ID-1234567 iplong agent partner client country timestamp category reference
我需要在每个合作伙伴的一分钟时间间隔内根据列2(iplong), 3(agent), 5(client), 6(country), 9(reference)
找到平均重复记录数量。
我知道我需要
partner
partner
2(iplong), 3(agent), 5(client), 6(country), 9(reference)
列的值进行比较。

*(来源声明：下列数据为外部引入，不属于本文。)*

lemma psd_smult_nonneg:
  fixes M :: "complex mat"
  assumes M: "psd n M" and r: "0 \<le> r"
  shows "psd n (complex_of_real r \<cdot>\<^sub>m M)"
  unfolding psd_def
proof (intro conjI ballI)
  have Mc: "M \<in> carrier_mat n n" using M unfolding psd_def by simp
  show "complex_of_real r \<cdot>\<^sub>m M \<in> carrier_mat n n" using Mc by simp
  fix v :: "complex vec" assume v: "v \<in> carrier_vec n"
  have "(complex_of_real r \<cdot>\<^sub>m M) *\<^sub>v v = complex_of_real r \<cdot>\<^sub>v (M *\<^sub>v v)"
    using Mc v by (intro eq_vecI) (auto simp: scalar_prod_def sum_distrib_left mult.assoc)
  then have form: "conjugate v \<bullet> ((complex_of_real r \<cdot>\<^sub>m M) *\<^sub>v v) = complex_of_real r * (conjugate v \<bullet> (M *\<^sub>v v))"
    using Mc v by simp
  show "conjugate v \<bullet> ((complex_of_real r \<cdot>\<^sub>m M) *\<^sub>v v) \<in> \<real>"
    and "0 \<le> Re (conjugate v \<bullet> ((complex_of_real r \<cdot>\<^sub>m M) *\<^sub>v v))"
    using M v r unfolding form psd_def by auto
qed
lemma measure_permuted_survival_event:
  assumes \<sigma>: "\<And>k. k < L \<Longrightarrow> \<sigma> k permutes {..<n k}"
  shows "measure M {\<omega> \<in> space M. \<forall>k<L. \<forall>j<n k. pred_option (\<lambda>t. t < T k (\<sigma> k j) \<omega>) (\<theta> k j)}
    = measure M (survival_event \<theta>)"
proof -
  let ?N = "PiM (idx L n) (\<lambda>_. borel :: real measure)"
  let ?X = "\<lambda>\<sigma> \<omega>. restrict (\<lambda>(k, j). T k (\<sigma> k j) \<omega>) (idx L n)"
  let ?B = "{x \<in> space ?N. \<forall>k<L. \<forall>j<n k. pred_option (\<lambda>t. t < x (k, j)) (\<theta> k j)}"
  have B: "?B \<in> sets ?N" by measurable
  have X: "?X \<sigma>' \<in> measurable M ?N" if "\<And>k. k < L \<Longrightarrow> \<sigma>' k permutes {..<n k}" for \<sigma>'
    by (intro measurable_restrict) (auto intro!: T_measurable, metis lessThan_iff permutes_in_image that)
  have preimage: "?X \<sigma>' -` ?B \<inter> space M
      = {\<omega> \<in> space M. \<forall>k<L. \<forall>j<n k. pred_option (\<lambda>t. t < T k (\<sigma>' k j) \<omega>) (\<theta> k j)}" for \<sigma>'
    by (auto simp: space_PiM PiE_iff)
  have "measure M {\<omega> \<in> space M. \<forall>k<L. \<forall>j<n k. pred_option (\<lambda>t. t < T k (\<sigma> k j) \<omega>) (\<theta> k j)}
      = measure (distr M ?N (?X \<sigma>)) ?B"
    using measure_distr[OF X[OF \<sigma>] B] preimage by simp
  also have "\<dots> = measure (distr M ?N (?X (\<lambda>k. id))) ?B"
    using exchangeable[OF \<sigma>] by simp
  also have "\<dots> = measure M (survival_event \<theta>)"
    using measure_distr[OF X[of "\<lambda>k. id"] B] preimage[of "\<lambda>k. id"]
    by (simp add: survival_event_def)
  finally show ?thesis .
qed

lemma measure_survival_event_permute:
  assumes \<sigma>: "\<And>k. k < L \<Longrightarrow> \<sigma> k permutes {..<n k}"
  shows "measure M (survival_event (\<lambda>k j. \<theta> k (\<sigma> k j))) = measure M (survival_event \<theta>)"
proof -
  have reindex: "(\<forall>j<n k. P (\<sigma> k j)) \<longleftrightarrow> (\<forall>j<n k. P j)" if "k < L" for k P
    using permutes_image[OF \<sigma>[OF that]] by (metis lessThan_iff image_iff)
  have "(\<forall>j<n k. pred_option (\<lambda>t. t < T k (\<sigma> k j) \<omega>) (\<theta> k (\<sigma> k j)))
      \<longleftrightarrow> (\<forall>j<n k. pred_option (\<lambda>t. t < T k j \<omega>) (\<theta> k j))" if "k < L" for k \<omega>
    using reindex[OF that, of "\<lambda>j. pred_option (\<lambda>t. t < T k j \<omega>) (\<theta> k j)"] by simp
  then have "survival_event \<theta>
      = {\<omega> \<in> space M. \<forall>k<L. \<forall>j<n k. pred_option (\<lambda>t. t < T k (\<sigma> k j) \<omega>) (\<theta> k (\<sigma> k j))}"
    by (simp add: survival_event_def)
  then show ?thesis
    using measure_permuted_survival_event[OF \<sigma>, of "\<lambda>k j. \<theta> k (\<sigma> k j)"] by simp
qed

lemma measure_survival_event_eq_if_rows_mset_eq:
  assumes rows: "\<And>k. k < L \<Longrightarrow> image_mset (\<theta> k) (mset_set {..<n k}) = image_mset (\<theta>' k) (mset_set {..<n k})"
  shows "measure M (survival_event \<theta>) = measure M (survival_event \<theta>')"
proof -
  define \<sigma> where "\<sigma> k = (SOME p. p permutes {..<n k} \<and> (\<forall>j<n k. \<theta> k (p j) = \<theta>' k j))" for k
  have \<sigma>: "\<sigma> k permutes {..<n k} \<and> (\<forall>j<n k. \<theta> k (\<sigma> k j) = \<theta>' k j)" if "k < L" for k
    using image_mset_mset_set_eq_imp_permutes[OF rows[OF that]] unfolding \<sigma>_def by (rule someI_ex)
  then have "survival_event (\<lambda>k j. \<theta> k (\<sigma> k j)) = survival_event \<theta>'"
    by (auto simp: survival_event_def)
  then show ?thesis
    using measure_survival_event_permute[of \<sigma> \<theta>] \<sigma> by simp
qed

end

locale copula_lifetimes = lifetimes +
  fixes Fbar :: "nat \<Rightarrow> real \<Rightarrow> real" and C :: "(nat \<times> nat \<Rightarrow> real) \<Rightarrow> real"
  assumes reliability: "\<And>k j t. k < L \<Longrightarrow> j < n k \<Longrightarrow> Fbar k t = measure M {\<omega> \<in> space M. t < T k j \<omega>}"
    and copula: "is_copula (idx L n) C"
    and survival_copula: "\<And>t. measure M {\<omega> \<in> space M. \<forall>k<L. \<forall>j<n k. t k j < T k j \<omega>}
      = C (restrict (\<lambda>(k, j). Fbar k (t k j)) (idx L n))"
begin

lemma reliability_bounds: "k < L \<Longrightarrow> j < n k \<Longrightarrow> Fbar k t \<in> {0..1}"
  by (simp add: reliability)

lemma reliability_tendsto_1:
  assumes "k < L" "j < n k"
  shows "(\<lambda>m. Fbar k (- real m)) \<longlonglongrightarrow> 1"
proof -
  interpret D: real_distribution "distr M borel (T k j)"
    using assms by simp
  have F: "Fbar k t = 1 - cdf (distr M borel (T k j)) t" for t
  proof -
    have "cdf (distr M borel (T k j)) t = measure M {\<omega> \<in> space M. T k j \<omega> \<le> t}"
      using assms by (simp add: cdf_def measure_distr vimage_def Int_def conj_commute)
    also have "{\<omega> \<in> space M. T k j \<omega> \<le> t} = space M - {\<omega> \<in> space M. t < T k j \<omega>}"
      by auto
    finally show ?thesis using assms by (simp add: reliability prob_compl)
  qed
  moreover have "filterlim (\<lambda>m. - real m) at_bot sequentially"
    by (simp add: filterlim_uminus_at_bot filterlim_real_sequentially)
  then have "(\<lambda>m. cdf (distr M borel (T k j)) (- real m)) \<longlonglongrightarrow> 0"
    by (rule filterlim_compose[OF D.cdf_lim_at_bot])
  then have "(\<lambda>m. 1 - cdf (distr M borel (T k j)) (- real m)) \<longlonglongrightarrow> 1 - 0"
    by (intro tendsto_diff tendsto_const)
  then show ?thesis by (simp add: F)
qed

lemma measure_survival_event:
  "measure M (survival_event \<theta>)
    = C (restrict (\<lambda>(k, j). case \<theta> k j of None \<Rightarrow> 1 | Some t \<Rightarrow> Fbar k t) (idx L n))"
proof -
  let ?t = "\<lambda>m k j. case \<theta> k j of None \<Rightarrow> - real m | Some t \<Rightarrow> t"
  let ?u = "\<lambda>m. restrict (\<lambda>(k, j). Fbar k (?t m k j)) (idx L n)"
  let ?v = "restrict (\<lambda>(k, j). case \<theta> k j of None \<Rightarrow> 1 | Some t \<Rightarrow> Fbar k t) (idx L n)"
  have "measure M (survival_event (\<lambda>k j. Some (?t m k j))) = C (?u m)" for m
    using survival_copula[of "?t m"] by (simp add: survival_event_def)
  then have "(\<lambda>m. C (?u m)) \<longlonglongrightarrow> measure M (survival_event \<theta>)"
    using tendsto_measure_survival_event_unbounded_below[of \<theta>] by simp
  moreover have "(\<lambda>m. C (?u m)) \<longlonglongrightarrow> C ?v"
  proof -
    have "?u m \<in> idx L n \<rightarrow>\<^sub>E {0..1}" "?v \<in> idx L n \<rightarrow>\<^sub>E {0..1}" for m
      using reliability_bounds by (auto split: option.split)
    then have bound: "norm (C (?u m) - C ?v) \<le> (\<Sum>i\<in>idx L n. \<bar>?u m i - ?v i\<bar>)" for m
      unfolding real_norm_def by (intro copula_Lipschitz[OF copula])
    have null: "(\<lambda>m. \<Sum>i\<in>idx L n. \<bar>?u m i - ?v i\<bar>) \<longlonglongrightarrow> 0"
    proof (intro tendsto_null_sum)
      fix i assume "i \<in> idx L n"
      then obtain k j where i: "i = (k, j)" "k < L" "j < n k" by (cases i) auto
      have "(\<lambda>m. \<bar>Fbar k (- real m) - 1\<bar>) \<longlonglongrightarrow> \<bar>1 - 1\<bar>"
        by (intro tendsto_intros reliability_tendsto_1[OF i(2,3)])
      then show "(\<lambda>m. \<bar>?u m i - ?v i\<bar>) \<longlonglongrightarrow> 0"
        using i by (cases "\<theta> k j") simp_all
    qed
    have "(\<lambda>m. C (?u m) - C ?v) \<longlonglongrightarrow> 0"
      by (rule Lim_null_comparison[OF always_eventually[OF allI[OF bound]] null])
    then show ?thesis by (simp add: LIM_zero_iff)
  qed
  ultimately show ?thesis by (rule LIMSEQ_unique)
qed

end

locale exchangeable_copula_lifetimes = exchangeable_lifetimes + copula_lifetimes
begin

lemma measure_failed_prefix:
  assumes js: "\<And>k. k < L \<Longrightarrow> js k \<le> n k"
  shows "measure M {\<omega> \<in> space M. \<forall>k<L. (\<forall>j<js k. T k j \<omega> \<le> \<tau>) \<and> (\<forall>j. js k \<le> j \<and> j < n k \<longrightarrow> \<tau> < T k j \<omega>)}
    = (\<Sum>bs\<in>PiE {..<L} (\<lambda>k. {0..js k}). (-1) ^ (\<Sum>k<L. bs k) * (\<Prod>k<L. real (js k choose bs k)) *
        C (restrict (\<lambda>(k, j). if j < n k - js k + bs k then Fbar k \<tau> else 1) (idx L n)))"
proof -
  define lo where "lo k j = (if j < js k then None else Some \<tau>)" for k j
  define hi where "hi k j = (if j < js k then Some \<tau> else None)" for k j
  define H where "H = Sigma {..<L} (\<lambda>k. {..<js k})"
  define g where "g bs = C (restrict (\<lambda>(k, j). if j < n k - js k + bs k then Fbar k \<tau> else 1) (idx L n))" for bs
  have "{\<omega> \<in> space M. \<forall>k<L. (\<forall>j<js k. T k j \<omega> \<le> \<tau>) \<and> (\<forall>j. js k \<le> j \<and> j < n k \<longrightarrow> \<tau> < T k j \<omega>)}
      = window_event lo hi"
    using js by (auto simp: window_event_def lo_def hi_def) (meson le_less_trans not_le)+
  also have "measure M (window_event lo hi)
      = (\<Sum>S\<in>Pow H. (-1) ^ card S * measure M (survival_event (\<lambda>k j. if (k, j) \<in> S then hi k j else lo k j)))"
    using js by (intro measure_window_event) (auto simp: H_def lo_def hi_def split: if_splits, meson js less_le_trans)
  also have "\<dots> = (\<Sum>S\<in>Pow H. (-1) ^ card S * g (\<lambda>k\<in>{..<L}. card {j. (k, j) \<in> S}))"
  proof (intro sum.cong refl arg_cong2[where f = "(*)"])
    fix S assume "S \<in> Pow H"
    then have S: "{j. (k, j) \<in> S} \<subseteq> {..<js k}" for k by (auto simp: H_def)
    let ?sorted = "\<lambda>k j. if j < n k - js k + card {j. (k, j) \<in> S} then Some \<tau> else None"
    have "measure M (survival_event (\<lambda>k j. if (k, j) \<in> S then hi k j else lo k j))
        = measure M (survival_event ?sorted)"
    proof (rule measure_survival_event_eq_if_rows_mset_eq)
      fix k assume "k < L"
      have "(\<lambda>j. if (k, j) \<in> S then hi k j else lo k j)
          = (\<lambda>j. if j \<in> {j. (k, j) \<in> S} then Some \<tau> else if j < js k then None else Some \<tau>)"
        using S by (auto simp: hi_def lo_def fun_eq_iff)
      then show "image_mset (\<lambda>j. if (k, j) \<in> S then hi k j else lo k j) (mset_set {..<n k})
          = image_mset (?sorted k) (mset_set {..<n k})"
        using image_mset_mset_set_sort_two_valued[OF S js[OF \<open>k < L\<close>]] by simp
    qed
    also have "\<dots> = g (\<lambda>k\<in>{..<L}. card {j. (k, j) \<in> S})"
      unfolding measure_survival_event g_def by (intro arg_cong[where f = C] restrict_ext) auto
    finally show "measure M (survival_event (\<lambda>k j. if (k, j) \<in> S then hi k j else lo k j))
        = g (\<lambda>k\<in>{..<L}. card {j. (k, j) \<in> S})" .
  qed
  also have "\<dots> = (\<Sum>bs\<in>PiE {..<L} (\<lambda>k. {0..js k}). (-1) ^ (\<Sum>k<L. bs k) * (\<Prod>k<L. real (js k choose bs k)) * g bs)"
    unfolding H_def by (rule sum_Pow_Sigma_row_card) auto
  finally show ?thesis by (simp add: g_def)
qed

lemma measure_survival_event_sort_blocks:
  assumes lm: "\<And>k. k < L \<Longrightarrow> ls k \<le> ms k \<and> ms k + e k \<le> n k"
    and Y: "Y \<subseteq> Sigma {..<L} (\<lambda>k. {ls k..<ms k})" and X: "X \<subseteq> Sigma {..<L} (\<lambda>k. {ms k + e k..<n k})"
  shows "measure M (survival_event (\<lambda>k j. if j < ls k then Some a
      else if j < ms k then (if (k, j) \<in> Y then Some a else Some b)
      else if j < ms k + e k then c else if (k, j) \<in> X then Some b else None))
    = C (restrict (\<lambda>(k, j). if j < ls k + card {j. (k, j) \<in> Y} then Fbar k a
      else if j < ms k + card {j. (k, j) \<in> X} then Fbar k b
      else if j < ms k + card {j. (k, j) \<in> X} + e k then (case c of None \<Rightarrow> 1 | Some t \<Rightarrow> Fbar k t)
      else 1) (idx L n))"
proof -
  let ?sorted = "\<lambda>k j. if j < ls k + card {j. (k, j) \<in> Y} then Some a
    else if j < ms k + card {j. (k, j) \<in> X} then Some b
    else if j < ms k + card {j. (k, j) \<in> X} + e k then c else None"
  have "measure M (survival_event (\<lambda>k j. if j < ls k then Some a
      else if j < ms k then (if (k, j) \<in> Y then Some a else Some b)
      else if j < ms k + e k then c else if (k, j) \<in> X then Some b else None))
    = measure M (survival_event ?sorted)"
  proof (rule measure_survival_event_eq_if_rows_mset_eq)
    fix k assume "k < L"
    have "{j. (k, j) \<in> Y} \<subseteq> {ls k..<ms k}" "{j. (k, j) \<in> X} \<subseteq> {ms k + e k..<n k}"
      using X Y by auto
    from image_mset_mset_set_sort_four_valued[OF this lm[OF \<open>k < L\<close>, THEN conjunct1]
        lm[OF \<open>k < L\<close>, THEN conjunct2], of "Some a" "Some b" c None]
    show "image_mset (\<lambda>j. if j < ls k then Some a
          else if j < ms k then (if (k, j) \<in> Y then Some a else Some b)
          else if j < ms k + e k then c else if (k, j) \<in> X then Some b else None) (mset_set {..<n k})
        = image_mset (?sorted k) (mset_set {..<n k})"
      by (simp only: mem_Collect_eq)
  qed
  also have "\<dots> = C (restrict (\<lambda>(k, j). if j < ls k + card {j. (k, j) \<in> Y} then Fbar k a
      else if j < ms k + card {j. (k, j) \<in> X} then Fbar k b
      else if j < ms k + card {j. (k, j) \<in> X} + e k then (case c of None \<Rightarrow> 1 | Some t \<Rightarrow> Fbar k t)
      else 1) (idx L n))"
    unfolding measure_survival_event by (intro arg_cong[where f = C] restrict_ext) auto
  finally show ?thesis .
qed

) partner
及其重复计数加在一起。除以外表的数量。我理解这个过程,但不了解pyspark
中的确切实现。
有人可以帮助我在pyspark
中执行上述任何步骤。
示例数据:
9794474 1000460030 Samsung_S5233 dv4gs dswae in 2012-03-08 00:00:00 mg riflql2a0yv8xoa9sq0recx4x
9794471 3386480130 Nokia_C3-00 duq7h dr75h py 2012-03-08 00:00:00 co
9794468 1907980030 Nokia_5233 dv6i3 ds3xq vn 2012-03-08 00:00:00 es gp53lqr9njqd6z2ap5d364sip
9794467 1791990020 MAUI duxto dvb8g in 2012-03-08 00:00:00 ad
9794466 1791000060 Nokia_3110c dusg4 dvb8g in 2012-03-08 00:00:00 ad
9794477 1353590020 Blackberry_9300 du6dt dtr0u es 2012-03-08 00:00:00 es h5njsswvxorsau9u8fxh0e9se
9794478 1402290050 NokiaC6-01.3 dusnc dsgcn ru 2012-03-08 00:00:00 mc
9794481 1848749950 Nokia_C3-00 dvry3 dr6sg th 2012-03-08 00:00:01 mc oj0rekb51pvirnjuqjt10zn4b
更新
到目前为止,我已经尝试将整个数据放入MySQL并从中读取。但是在读操作中需要花费太多时间。
对于mapreduce方法,我尝试过不同的小东西。但是我不明白我将如何在代码中进一步处理它。因此,无法通过一种方法向前推进。
clicks_rdd = sc.parallelize(list(clicks_reader)[1:])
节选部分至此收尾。